Governments should not use net worth as a fiscal target because it “tell us little or nothing about government’s ability to access capital markets or service its debt,” according to the Institute for Fiscal Studies.

The measure of what the British state owns and what it owes has won support over the last few years because it does not penalize governments for borrowing to invest. Under a net worth rule, the value of a hospital counterbalances the debt taken to build it.

The Conservative government and the opposition Labour Party have almost identical fiscal rules, with the binding goal to have debt falling as a share of GDP. Labour has promised to “take greater account of public sector assets as well as debt in fiscal policy,” which the IFS said “could imply some sort of target for public sector net worth.”

Rachel Reeves, Labour’s shadow chancellor, has faced calls to make net worth a key principle. Both Jim O’Neill, a former Conservative minister who advised Reeves, and Andy Haldane, the former Bank of England chief economist, are keen supporters of the rule.

However, in a pre-released chapter of its Green Budget, the IFS attempts to demolish efforts to promote net worth. While there is a “strong case” alongside more traditional rules, “it ought not to be at the center of the UK fiscal framework,” the think tank said. Labour’s current proposal is “sensible, but we caution against going further.”

The idea of a balance sheet target was originally backed by Richard Hughes, who is now chair of the Office for Budget Responsibility that checks the government fiscal performance. Since then, the Office for National Statistics has developed a monthly measure of net worth, which generated greater interest.

Net worth’s attraction is that a narrow focus on debt “can be misleading or unhelpful,” the IFS said, particularly in the case of privatizations or nationalizations. Privatizations appear to reduce the debt, flattering the public finances because no asset loss is disclosed. For the same reason, nationalizations appear to be enormously costly.

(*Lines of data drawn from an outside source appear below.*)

(* Let $a_{n,1}$ denote the number of matchings of size $n$ with exactly one occurrence of the endhered pattern $21$. Then $a_{1,1}=0$, $a_{2,1}=1$, and for all $n\ge2$, $$a_{n+1,1}=2n\,(a_{n,1}+a_{n-1,1}).$$
   Context: A matching of size $n$ is a set of $n$ arcs $(a,b)$ with $1\le a<b\le 2n$ such that each point of $\{1,\dots,2n\}$ belongs to exactly one arc. An occurrence of the endhered pattern $21$ in a matching $\mu$ is a pair of arcs of $\mu$ of the form $(i+1,j+2),(i+2,j+1)$ (two nested arcs with consecutive starting points and consecutive ending points); the number of occurrences is the number of such pairs. *)

theory Defs
  imports Main
begin

definition is_matching :: "nat \<Rightarrow> (nat \<times> nat) set \<Rightarrow> bool" where
  "is_matching n M \<longleftrightarrow>
     M \<subseteq> {(a, b). 1 \<le> a \<and> a < b \<and> b \<le> 2 * n} \<and>
     (\<forall>p \<in> {1..2 * n}. \<exists>!e. e \<in> M \<and> (fst e = p \<or> snd e = p))"

definition occ21 :: "(nat \<times> nat) set \<Rightarrow> nat" where
  "occ21 M = card {(i, j). (i + 1, j + 2) \<in> M \<and> (i + 2, j + 1) \<in> M}"

definition a1 :: "nat \<Rightarrow> nat" where
  "a1 n = card {M. is_matching n M \<and> occ21 M = 1}"

end

theory Submission imports Defs begin

(* Every matching of size n + 1 arises in exactly one way from a matching of size n by
   inserting a new point into one of its 2n + 1 gaps and joining it to the new last point 2n + 2.
   Each of the k occurrences of 21 owns two gaps, between its starts and between its ends, and
   inserting there destroys it; inserting just before the start of the arc ending at 2n creates
   one new occurrence; all other gaps keep the count.  Hence
     a(n+1,k) = 2(k+1) a(n,k+1) + (2n-2k) a(n,k) + a(n,k-1),
   which is solved by a(n+1,k) = C(n,k) b(n+1-k) where b(j+2) = 2(j+1) b(j+1) + 2j b(j).
   For k = 1 this reads a(n+1,1) = n b(n), and the recurrence of b becomes the claimed one. *)

section \<open>Perfect matchings of a linearly ordered point set\<close>

definition perfect_matching :: "'a::linorder set \<Rightarrow> ('a \<times> 'a) set \<Rightarrow> bool" where
  "perfect_matching P M \<longleftrightarrow>
     (\<forall>(a, b) \<in> M. a < b \<and> a \<in> P \<and> b \<in> P) \<and>
     (\<forall>p \<in> P. \<exists>!e. e \<in> M \<and> (fst e = p \<or> snd e = p))"
text \<open>The weight \<open>exp t\<close> is chosen so that the derivative of
  \<open>exp t * (t ^ 3 * I\<^sub>2' t - (t ^ 3 + 2 * t\<^sup>2) * I\<^sub>2 t)\<close> reduces, by the Bessel equation, to
  \<open>- 5 * t\<^sup>2 * exp t * I\<^sub>2 t \<le> 0\<close>.\<close>
lemma dbesselI2_le: assumes "0 < x" shows "dbesselI2 x \<le> (1 + 2 / x) * besselI2 x"
proof -
  define p where "p t = exp t * (t ^ 3 * dbesselI2 t - (t ^ 3 + 2 * t\<^sup>2) * besselI2 t)" for t
  have "p x \<le> p 0"
  proof (rule DERIV_nonpos_imp_nonincreasing[of 0 x p])
    show "0 \<le> x"
      using assms by simp
    fix t :: real
    have "(p has_real_derivative
        exp t * (t ^ 3 * dbesselI2 t - (t ^ 3 + 2 * t\<^sup>2) * besselI2 t) +
        exp t * (3 * t\<^sup>2 * dbesselI2 t + t ^ 3 * ddbesselI2 t
          - ((3 * t\<^sup>2 + 4 * t) * besselI2 t + (t ^ 3 + 2 * t\<^sup>2) * dbesselI2 t))) (at t)"
      unfolding p_def[abs_def]
      by (auto intro!: derivative_eq_intros simp: power2_eq_square power3_eq_cube algebra_simps)
    moreover have "exp t * (t ^ 3 * dbesselI2 t - (t ^ 3 + 2 * t\<^sup>2) * besselI2 t) +
        exp t * (3 * t\<^sup>2 * dbesselI2 t + t ^ 3 * ddbesselI2 t
          - ((3 * t\<^sup>2 + 4 * t) * besselI2 t + (t ^ 3 + 2 * t\<^sup>2) * dbesselI2 t))
      = - 5 * t\<^sup>2 * exp t * besselI2 t
        + t * exp t * (t\<^sup>2 * ddbesselI2 t + t * dbesselI2 t - (t\<^sup>2 + 4) * besselI2 t)"
      by (simp add: algebra_simps power2_eq_square power3_eq_cube)
    moreover have "- 5 * t\<^sup>2 * exp t * besselI2 t \<le> 0"
      using besselI2_nonneg[of t] by simp
    ultimately show "\<exists>y. (p has_real_derivative y) (at t) \<and> y \<le> 0"
      unfolding besselI2_ode by auto
  qed
  then have "x ^ 3 * dbesselI2 x \<le> (x ^ 3 + 2 * x\<^sup>2) * besselI2 x"
    by (simp add: p_def mult_le_0_iff)
  also have "\<dots> = x ^ 3 * ((1 + 2 / x) * besselI2 x)"
    using assms by (simp add: field_simps power2_eq_square power3_eq_cube)
  finally have "x ^ 3 * dbesselI2 x \<le> x ^ 3 * ((1 + 2 / x) * besselI2 x)" .
  then show ?thesis
    using assms by simp
qed

section \<open>Riccati comparison for \<open>I\<^sub>2' / I\<^sub>2\<close>\<close>

definition besselI2_logderiv :: "real \<Rightarrow> real" where
  "besselI2_logderiv x = dbesselI2 x / besselI2 x"

text \<open>The asymptotic expansion of \<open>I\<^sub>2' / I\<^sub>2\<close> truncated after a free coefficient \<open>\<kappa>\<close> of
  \<open>x\<^sup>-\<^sup>3\<close>: \<open>\<kappa> = 15 / 8\<close> yields a lower and \<open>\<kappa> = 3\<close> an upper barrier.\<close>
definition logderiv_approx :: "real \<Rightarrow> real \<Rightarrow> real" where
  "logderiv_approx \<kappa> x = 1 - 1 / (2 * x) + 15 / (8 * x\<^sup>2) + \<kappa> / x ^ 3"

definition approx_weight :: "real \<Rightarrow> real \<Rightarrow> real" where
  "approx_weight \<kappa> x = sqrt x * exp (x - 15 / (8 * x) - \<kappa> / (2 * x\<^sup>2))"

definition riccati_residual :: "real \<Rightarrow> real \<Rightarrow> real" where
  "riccati_residual \<kappa> t =
     (2 * \<kappa> - 15 / 4) / t ^ 3 + (225 / 64 - 3 * \<kappa>) / t ^ 4 + 15 * \<kappa> / (4 * t ^ 5) + \<kappa>\<^sup>2 / t ^ 6"

definition riccati_gap :: "real \<Rightarrow> real \<Rightarrow> real" where
  "riccati_gap \<kappa> x = approx_weight \<kappa> x * (logderiv_approx \<kappa> x * besselI2 x - dbesselI2 x)"

lemma has_real_derivative_logderiv_approx:
  assumes "0 < t"
  shows "(logderiv_approx \<kappa> has_real_derivative 1 / (2 * t\<^sup>2) - 15 / (4 * t ^ 3) - 3 * \<kappa> / t ^ 4) (at t)"
  unfolding logderiv_approx_def[abs_def] using assms
  by (auto intro!: derivative_eq_intros simp: field_simps eval_nat_numeral)

lemma has_real_derivative_approx_weight:
  assumes "0 < t"
  shows "(approx_weight \<kappa> has_real_derivative approx_weight \<kappa> t * (1 / t + logderiv_approx \<kappa> t)) (at t)"
  unfolding approx_weight_def[abs_def]
  apply (rule DERIV_cong)
   apply (auto intro!: derivative_eq_intros)[1]
  using assms by (simp_all add: logderiv_approx_def field_simps real_sqrt_divide eval_nat_numeral)

lemma riccati_residual_eq:
  assumes "0 < t"
  shows "1 / (2 * t\<^sup>2) - 15 / (4 * t ^ 3) - 3 * \<kappa> / t ^ 4 + logderiv_approx \<kappa> t / t
      + (logderiv_approx \<kappa> t)\<^sup>2 - 1 - 4 / t\<^sup>2 = riccati_residual \<kappa> t"
  using assms unfolding logderiv_approx_def riccati_residual_def
  by (simp add: field_simps eval_nat_numeral)

text \<open>Since \<open>(approx_weight \<kappa> * besselI2)' = approx_weight \<kappa> * besselI2 * (1 / t + L + I\<^sub>2' / I\<^sub>2)\<close>
  for \<open>L = logderiv_approx \<kappa>\<close>, the Bessel equation leaves only the residual of \<open>L\<close> in the
  Riccati equation \<open>r' = 1 + 4 / t\<^sup>2 - r / t - r\<^sup>2\<close> satisfied by \<open>r = I\<^sub>2' / I\<^sub>2\<close>.\<close>
lemma has_real_derivative_riccati_gap:
  assumes "0 < t"
  shows "(riccati_gap \<kappa> has_real_derivative
           approx_weight \<kappa> t * besselI2 t * riccati_residual \<kappa> t) (at t)"
proof -
  let ?W = "approx_weight \<kappa> t" and ?L = "logderiv_approx \<kappa> t"
  let ?L' = "1 / (2 * t\<^sup>2) - 15 / (4 * t ^ 3) - 3 * \<kappa> / t ^ 4"
  have "(riccati_gap \<kappa> has_real_derivative
      ?W * (1 / t + ?L) * (?L * besselI2 t - dbesselI2 t)
      + (?L' * besselI2 t + dbesselI2 t * ?L - ddbesselI2 t) * ?W) (at t)"
    unfolding riccati_gap_def[abs_def]
    by (intro DERIV_mult DERIV_diff has_real_derivative_approx_weight
        has_real_derivative_logderiv_approx has_real_derivative_besselI2
        has_real_derivative_dbesselI2 assms)
  also have "?W * (1 / t + ?L) * (?L * besselI2 t - dbesselI2 t)
      + (?L' * besselI2 t + dbesselI2 t * ?L - ddbesselI2 t) * ?W
      = ?W * besselI2 t * (?L' + ?L / t + ?L\<^sup>2 - 1 - 4 / t\<^sup>2)"
    using assms by (simp add: ddbesselI2_eq field_simps power2_eq_square)
  finally show ?thesis
    unfolding riccati_residual_eq[OF assms] .
qed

The IFS said the problem with net worth is that the government cannot sell assets like roads or hospital buildings to meet financing needs. Nor can an increase in estimated asset values “be taken as a signal that the government can afford to borrow more.”

Ben Zaranko, senior research economist at IFS, said: “The current fiscal rules are crude and can be, and have been, gamed. Keeping a watchful eye on a measure of public sector net worth would be sensible and could discourage some forms of bad fiscal behavior. But that doesn’t mean that it can form the basis of a good fiscal rule, and it doesn’t mean that changes in net worth are a good guide for policy.”